_WHAT YOU WILL DO:_
Look below for the line containing "b w \<longleftrightarrow>"; from there through the line containing "i \<in> sphere", both lines included, please set down each line exactly and nothing else.

⟨

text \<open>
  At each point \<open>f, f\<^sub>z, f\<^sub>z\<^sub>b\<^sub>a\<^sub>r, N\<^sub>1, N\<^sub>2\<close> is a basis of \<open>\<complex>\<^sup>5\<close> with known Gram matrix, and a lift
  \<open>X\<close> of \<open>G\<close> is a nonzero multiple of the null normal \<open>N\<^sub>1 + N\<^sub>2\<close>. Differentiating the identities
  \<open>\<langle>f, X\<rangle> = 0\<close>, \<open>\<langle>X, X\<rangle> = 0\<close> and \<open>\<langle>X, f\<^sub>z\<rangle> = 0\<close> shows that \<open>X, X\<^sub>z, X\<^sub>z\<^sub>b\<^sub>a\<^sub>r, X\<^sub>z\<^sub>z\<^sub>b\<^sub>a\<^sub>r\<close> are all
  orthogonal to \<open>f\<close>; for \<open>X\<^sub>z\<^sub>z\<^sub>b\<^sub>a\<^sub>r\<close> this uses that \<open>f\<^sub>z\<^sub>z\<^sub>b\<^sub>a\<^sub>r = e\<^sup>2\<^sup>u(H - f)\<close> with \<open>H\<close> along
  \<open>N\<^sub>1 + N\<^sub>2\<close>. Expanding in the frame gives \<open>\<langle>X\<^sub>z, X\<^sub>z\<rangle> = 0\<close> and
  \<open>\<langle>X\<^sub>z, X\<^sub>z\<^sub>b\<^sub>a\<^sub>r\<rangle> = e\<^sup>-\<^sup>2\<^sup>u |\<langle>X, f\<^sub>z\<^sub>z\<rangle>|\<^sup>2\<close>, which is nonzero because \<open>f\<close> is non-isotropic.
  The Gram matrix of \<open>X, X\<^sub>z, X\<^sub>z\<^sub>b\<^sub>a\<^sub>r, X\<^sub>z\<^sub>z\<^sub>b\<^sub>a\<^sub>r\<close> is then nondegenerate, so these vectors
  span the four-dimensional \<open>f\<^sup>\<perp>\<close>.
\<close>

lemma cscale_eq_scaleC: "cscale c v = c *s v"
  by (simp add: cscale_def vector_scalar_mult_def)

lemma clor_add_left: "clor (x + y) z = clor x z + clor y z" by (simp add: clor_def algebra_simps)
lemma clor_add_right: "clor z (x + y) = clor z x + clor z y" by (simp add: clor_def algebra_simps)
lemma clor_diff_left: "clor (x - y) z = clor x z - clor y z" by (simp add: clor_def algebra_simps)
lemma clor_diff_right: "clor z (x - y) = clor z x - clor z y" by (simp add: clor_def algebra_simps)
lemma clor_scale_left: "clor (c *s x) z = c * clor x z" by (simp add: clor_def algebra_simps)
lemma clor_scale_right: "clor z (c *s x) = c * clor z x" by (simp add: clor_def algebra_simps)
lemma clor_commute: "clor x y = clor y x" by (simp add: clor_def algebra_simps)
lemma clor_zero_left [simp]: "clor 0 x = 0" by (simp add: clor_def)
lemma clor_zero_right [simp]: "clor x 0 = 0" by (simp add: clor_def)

⟩
⟨

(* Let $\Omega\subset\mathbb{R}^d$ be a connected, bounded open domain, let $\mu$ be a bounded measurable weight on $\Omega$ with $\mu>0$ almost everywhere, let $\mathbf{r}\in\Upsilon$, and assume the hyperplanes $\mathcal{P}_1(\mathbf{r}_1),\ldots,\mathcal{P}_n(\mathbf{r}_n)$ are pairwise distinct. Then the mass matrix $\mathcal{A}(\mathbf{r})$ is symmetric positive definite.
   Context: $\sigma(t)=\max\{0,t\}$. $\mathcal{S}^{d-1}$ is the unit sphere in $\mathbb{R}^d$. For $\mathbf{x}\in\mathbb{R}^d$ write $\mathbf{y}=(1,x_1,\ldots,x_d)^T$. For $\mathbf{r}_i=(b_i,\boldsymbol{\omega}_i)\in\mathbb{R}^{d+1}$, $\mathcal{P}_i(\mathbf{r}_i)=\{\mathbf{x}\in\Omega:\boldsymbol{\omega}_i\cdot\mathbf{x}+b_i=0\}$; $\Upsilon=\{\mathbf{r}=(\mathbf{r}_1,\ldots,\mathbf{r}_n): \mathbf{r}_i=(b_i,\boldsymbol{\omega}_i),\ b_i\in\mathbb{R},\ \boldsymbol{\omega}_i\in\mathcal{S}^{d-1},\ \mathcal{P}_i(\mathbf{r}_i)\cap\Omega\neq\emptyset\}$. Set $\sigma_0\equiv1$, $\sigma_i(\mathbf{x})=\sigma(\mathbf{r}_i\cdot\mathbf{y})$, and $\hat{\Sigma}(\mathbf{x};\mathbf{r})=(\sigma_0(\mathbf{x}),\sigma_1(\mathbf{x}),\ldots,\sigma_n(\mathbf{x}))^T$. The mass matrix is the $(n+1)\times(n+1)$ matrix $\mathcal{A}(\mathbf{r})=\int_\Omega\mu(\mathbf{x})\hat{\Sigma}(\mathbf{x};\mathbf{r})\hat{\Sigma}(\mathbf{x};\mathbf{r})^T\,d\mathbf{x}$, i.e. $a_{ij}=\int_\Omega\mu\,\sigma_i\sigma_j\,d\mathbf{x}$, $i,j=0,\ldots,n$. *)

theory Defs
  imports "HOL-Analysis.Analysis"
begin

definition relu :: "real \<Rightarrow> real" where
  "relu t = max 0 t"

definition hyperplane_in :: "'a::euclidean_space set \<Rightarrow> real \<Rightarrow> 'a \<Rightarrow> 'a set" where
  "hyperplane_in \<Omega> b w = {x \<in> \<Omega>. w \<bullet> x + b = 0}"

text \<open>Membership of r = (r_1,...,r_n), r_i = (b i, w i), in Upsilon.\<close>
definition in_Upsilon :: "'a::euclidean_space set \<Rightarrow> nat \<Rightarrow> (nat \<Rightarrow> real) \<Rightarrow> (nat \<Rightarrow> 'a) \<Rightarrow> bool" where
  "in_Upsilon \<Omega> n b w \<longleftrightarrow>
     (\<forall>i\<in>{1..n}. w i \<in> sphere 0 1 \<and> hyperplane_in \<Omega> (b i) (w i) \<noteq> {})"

⟩
⟨

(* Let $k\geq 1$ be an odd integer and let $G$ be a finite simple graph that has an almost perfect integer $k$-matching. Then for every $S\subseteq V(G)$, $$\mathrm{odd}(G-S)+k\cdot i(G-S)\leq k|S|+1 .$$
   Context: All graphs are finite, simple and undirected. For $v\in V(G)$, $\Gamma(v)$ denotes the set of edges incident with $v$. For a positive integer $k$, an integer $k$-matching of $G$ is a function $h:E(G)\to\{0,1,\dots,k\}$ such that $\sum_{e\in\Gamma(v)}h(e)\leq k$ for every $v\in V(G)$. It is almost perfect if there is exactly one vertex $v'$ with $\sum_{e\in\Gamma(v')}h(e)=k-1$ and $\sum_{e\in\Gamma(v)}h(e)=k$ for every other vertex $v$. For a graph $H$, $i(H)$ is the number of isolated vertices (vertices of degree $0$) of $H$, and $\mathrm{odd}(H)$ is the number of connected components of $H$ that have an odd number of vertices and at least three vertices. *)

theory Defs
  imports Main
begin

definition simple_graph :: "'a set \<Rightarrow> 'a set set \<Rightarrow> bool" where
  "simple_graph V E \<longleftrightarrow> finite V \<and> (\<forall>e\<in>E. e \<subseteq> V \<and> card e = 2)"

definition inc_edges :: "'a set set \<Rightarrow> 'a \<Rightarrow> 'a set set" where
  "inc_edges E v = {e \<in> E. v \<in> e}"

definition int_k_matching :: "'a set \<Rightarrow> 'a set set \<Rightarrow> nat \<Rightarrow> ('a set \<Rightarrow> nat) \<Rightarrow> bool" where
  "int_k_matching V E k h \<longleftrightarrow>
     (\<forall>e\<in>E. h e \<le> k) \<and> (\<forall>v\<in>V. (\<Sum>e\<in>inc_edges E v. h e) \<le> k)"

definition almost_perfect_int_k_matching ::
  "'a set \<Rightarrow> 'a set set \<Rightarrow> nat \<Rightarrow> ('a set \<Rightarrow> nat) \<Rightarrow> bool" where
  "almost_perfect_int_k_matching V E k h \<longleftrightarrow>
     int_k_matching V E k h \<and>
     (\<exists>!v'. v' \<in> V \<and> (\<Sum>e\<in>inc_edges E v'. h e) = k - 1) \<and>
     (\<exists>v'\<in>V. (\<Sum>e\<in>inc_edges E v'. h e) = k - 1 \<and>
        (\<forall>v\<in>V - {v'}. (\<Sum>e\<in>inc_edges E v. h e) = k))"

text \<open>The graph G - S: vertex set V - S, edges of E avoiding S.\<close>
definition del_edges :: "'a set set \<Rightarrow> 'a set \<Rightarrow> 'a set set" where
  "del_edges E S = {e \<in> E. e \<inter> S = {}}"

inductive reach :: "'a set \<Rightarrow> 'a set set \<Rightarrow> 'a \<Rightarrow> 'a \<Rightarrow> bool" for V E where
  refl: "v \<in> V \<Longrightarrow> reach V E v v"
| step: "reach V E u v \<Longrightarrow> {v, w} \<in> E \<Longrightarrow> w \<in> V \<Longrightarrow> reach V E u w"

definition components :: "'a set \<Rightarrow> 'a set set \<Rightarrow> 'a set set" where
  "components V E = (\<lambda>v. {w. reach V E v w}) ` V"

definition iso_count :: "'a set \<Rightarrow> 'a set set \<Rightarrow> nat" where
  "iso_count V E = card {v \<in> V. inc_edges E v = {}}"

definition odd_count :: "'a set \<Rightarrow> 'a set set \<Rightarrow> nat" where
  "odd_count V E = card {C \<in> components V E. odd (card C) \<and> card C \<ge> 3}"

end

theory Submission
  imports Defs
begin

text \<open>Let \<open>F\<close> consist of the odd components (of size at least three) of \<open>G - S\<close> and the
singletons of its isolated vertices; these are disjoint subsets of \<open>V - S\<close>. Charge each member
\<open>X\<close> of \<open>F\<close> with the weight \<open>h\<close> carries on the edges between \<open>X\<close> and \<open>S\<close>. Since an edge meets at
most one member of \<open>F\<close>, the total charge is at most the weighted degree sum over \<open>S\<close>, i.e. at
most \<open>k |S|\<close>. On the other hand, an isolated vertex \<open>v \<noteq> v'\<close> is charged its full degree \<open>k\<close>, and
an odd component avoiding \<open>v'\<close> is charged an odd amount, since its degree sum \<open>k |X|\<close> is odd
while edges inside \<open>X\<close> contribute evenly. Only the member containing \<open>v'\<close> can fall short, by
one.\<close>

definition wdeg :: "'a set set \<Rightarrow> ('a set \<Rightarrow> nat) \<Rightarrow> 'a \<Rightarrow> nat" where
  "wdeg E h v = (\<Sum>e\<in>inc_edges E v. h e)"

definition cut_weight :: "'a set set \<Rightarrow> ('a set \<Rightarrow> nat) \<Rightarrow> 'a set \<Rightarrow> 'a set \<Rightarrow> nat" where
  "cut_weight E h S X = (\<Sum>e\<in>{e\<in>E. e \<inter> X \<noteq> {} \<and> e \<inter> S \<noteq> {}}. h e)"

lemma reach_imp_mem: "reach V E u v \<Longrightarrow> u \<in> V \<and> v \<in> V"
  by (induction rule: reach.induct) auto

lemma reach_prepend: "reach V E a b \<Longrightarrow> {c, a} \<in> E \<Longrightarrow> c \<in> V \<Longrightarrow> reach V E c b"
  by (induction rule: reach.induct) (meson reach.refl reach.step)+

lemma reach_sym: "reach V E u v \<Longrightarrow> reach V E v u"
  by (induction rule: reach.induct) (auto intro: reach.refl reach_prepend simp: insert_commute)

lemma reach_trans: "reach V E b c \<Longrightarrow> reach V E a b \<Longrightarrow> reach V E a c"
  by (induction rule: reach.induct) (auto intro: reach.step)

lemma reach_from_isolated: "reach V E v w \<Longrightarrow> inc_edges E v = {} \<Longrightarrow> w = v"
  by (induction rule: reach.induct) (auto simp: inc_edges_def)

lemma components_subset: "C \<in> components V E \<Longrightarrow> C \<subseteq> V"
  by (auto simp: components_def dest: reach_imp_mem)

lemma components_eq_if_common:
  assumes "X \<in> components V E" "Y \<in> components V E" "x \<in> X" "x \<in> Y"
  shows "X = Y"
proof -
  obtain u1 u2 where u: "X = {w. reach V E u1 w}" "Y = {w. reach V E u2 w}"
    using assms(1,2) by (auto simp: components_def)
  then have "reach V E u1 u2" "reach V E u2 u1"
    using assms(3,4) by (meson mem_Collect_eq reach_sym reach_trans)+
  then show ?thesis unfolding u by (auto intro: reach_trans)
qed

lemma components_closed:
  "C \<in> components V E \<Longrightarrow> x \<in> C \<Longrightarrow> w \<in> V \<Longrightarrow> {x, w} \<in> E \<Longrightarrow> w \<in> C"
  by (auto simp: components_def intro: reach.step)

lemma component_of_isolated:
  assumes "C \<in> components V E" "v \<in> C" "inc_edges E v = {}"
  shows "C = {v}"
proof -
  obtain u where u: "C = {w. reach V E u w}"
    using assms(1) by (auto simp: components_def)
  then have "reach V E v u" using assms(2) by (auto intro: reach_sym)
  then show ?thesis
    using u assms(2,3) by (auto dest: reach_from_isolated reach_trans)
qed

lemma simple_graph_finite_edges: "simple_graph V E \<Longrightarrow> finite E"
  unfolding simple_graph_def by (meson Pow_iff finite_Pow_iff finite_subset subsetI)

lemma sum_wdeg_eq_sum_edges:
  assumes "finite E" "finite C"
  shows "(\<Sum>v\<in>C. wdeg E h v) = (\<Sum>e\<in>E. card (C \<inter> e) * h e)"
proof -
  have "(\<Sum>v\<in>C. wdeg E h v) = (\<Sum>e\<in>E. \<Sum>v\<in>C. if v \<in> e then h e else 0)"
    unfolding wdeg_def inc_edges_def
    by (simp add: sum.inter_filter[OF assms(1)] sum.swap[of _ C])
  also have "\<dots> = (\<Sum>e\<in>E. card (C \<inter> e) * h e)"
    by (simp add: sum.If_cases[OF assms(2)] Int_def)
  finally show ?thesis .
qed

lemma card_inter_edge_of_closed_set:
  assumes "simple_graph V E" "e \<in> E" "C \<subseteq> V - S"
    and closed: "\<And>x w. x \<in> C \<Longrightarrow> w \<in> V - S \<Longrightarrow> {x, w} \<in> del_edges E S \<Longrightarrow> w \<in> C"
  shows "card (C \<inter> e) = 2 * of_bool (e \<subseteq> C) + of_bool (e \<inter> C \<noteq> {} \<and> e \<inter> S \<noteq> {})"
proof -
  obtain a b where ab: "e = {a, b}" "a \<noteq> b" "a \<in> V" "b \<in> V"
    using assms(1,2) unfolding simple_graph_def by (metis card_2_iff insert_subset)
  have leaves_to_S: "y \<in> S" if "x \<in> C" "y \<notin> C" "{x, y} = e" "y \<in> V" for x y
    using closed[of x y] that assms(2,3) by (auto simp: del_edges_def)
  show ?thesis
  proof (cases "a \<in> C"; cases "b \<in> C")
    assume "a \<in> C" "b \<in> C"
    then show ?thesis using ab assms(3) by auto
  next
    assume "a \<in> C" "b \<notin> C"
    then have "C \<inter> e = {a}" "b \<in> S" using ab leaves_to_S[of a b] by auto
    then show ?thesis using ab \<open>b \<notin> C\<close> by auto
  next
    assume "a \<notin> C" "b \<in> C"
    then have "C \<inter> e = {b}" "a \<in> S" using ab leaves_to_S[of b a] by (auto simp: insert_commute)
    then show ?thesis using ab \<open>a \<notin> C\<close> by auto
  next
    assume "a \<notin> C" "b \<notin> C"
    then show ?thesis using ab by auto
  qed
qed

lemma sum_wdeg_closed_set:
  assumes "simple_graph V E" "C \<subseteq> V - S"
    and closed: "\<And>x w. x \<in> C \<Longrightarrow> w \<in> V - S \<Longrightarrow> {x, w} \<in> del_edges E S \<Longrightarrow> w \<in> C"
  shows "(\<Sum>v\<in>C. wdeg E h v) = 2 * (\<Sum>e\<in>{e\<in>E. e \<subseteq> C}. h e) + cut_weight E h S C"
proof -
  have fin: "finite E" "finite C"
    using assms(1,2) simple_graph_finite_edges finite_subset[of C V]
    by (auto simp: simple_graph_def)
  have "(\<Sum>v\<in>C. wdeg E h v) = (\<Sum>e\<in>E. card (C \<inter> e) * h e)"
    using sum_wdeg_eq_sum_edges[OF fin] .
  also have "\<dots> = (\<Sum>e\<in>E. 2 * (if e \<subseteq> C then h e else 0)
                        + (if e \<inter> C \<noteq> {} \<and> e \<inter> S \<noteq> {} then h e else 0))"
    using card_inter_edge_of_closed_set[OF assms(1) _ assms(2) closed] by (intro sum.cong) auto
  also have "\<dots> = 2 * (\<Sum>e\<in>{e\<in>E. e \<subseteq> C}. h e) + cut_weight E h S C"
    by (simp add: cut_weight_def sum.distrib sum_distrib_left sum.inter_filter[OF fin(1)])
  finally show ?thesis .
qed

⟩

_PROBLEM SOLUTION:_
  "in_Upsilon \<Omega> n b w \<longleftrightarrow>
     (\<forall>i\<in>{1..n}. w i \<in> sphere 0 1 \<and> hyperplane_in \<Omega> (b i) (w i) \<noteq> {})"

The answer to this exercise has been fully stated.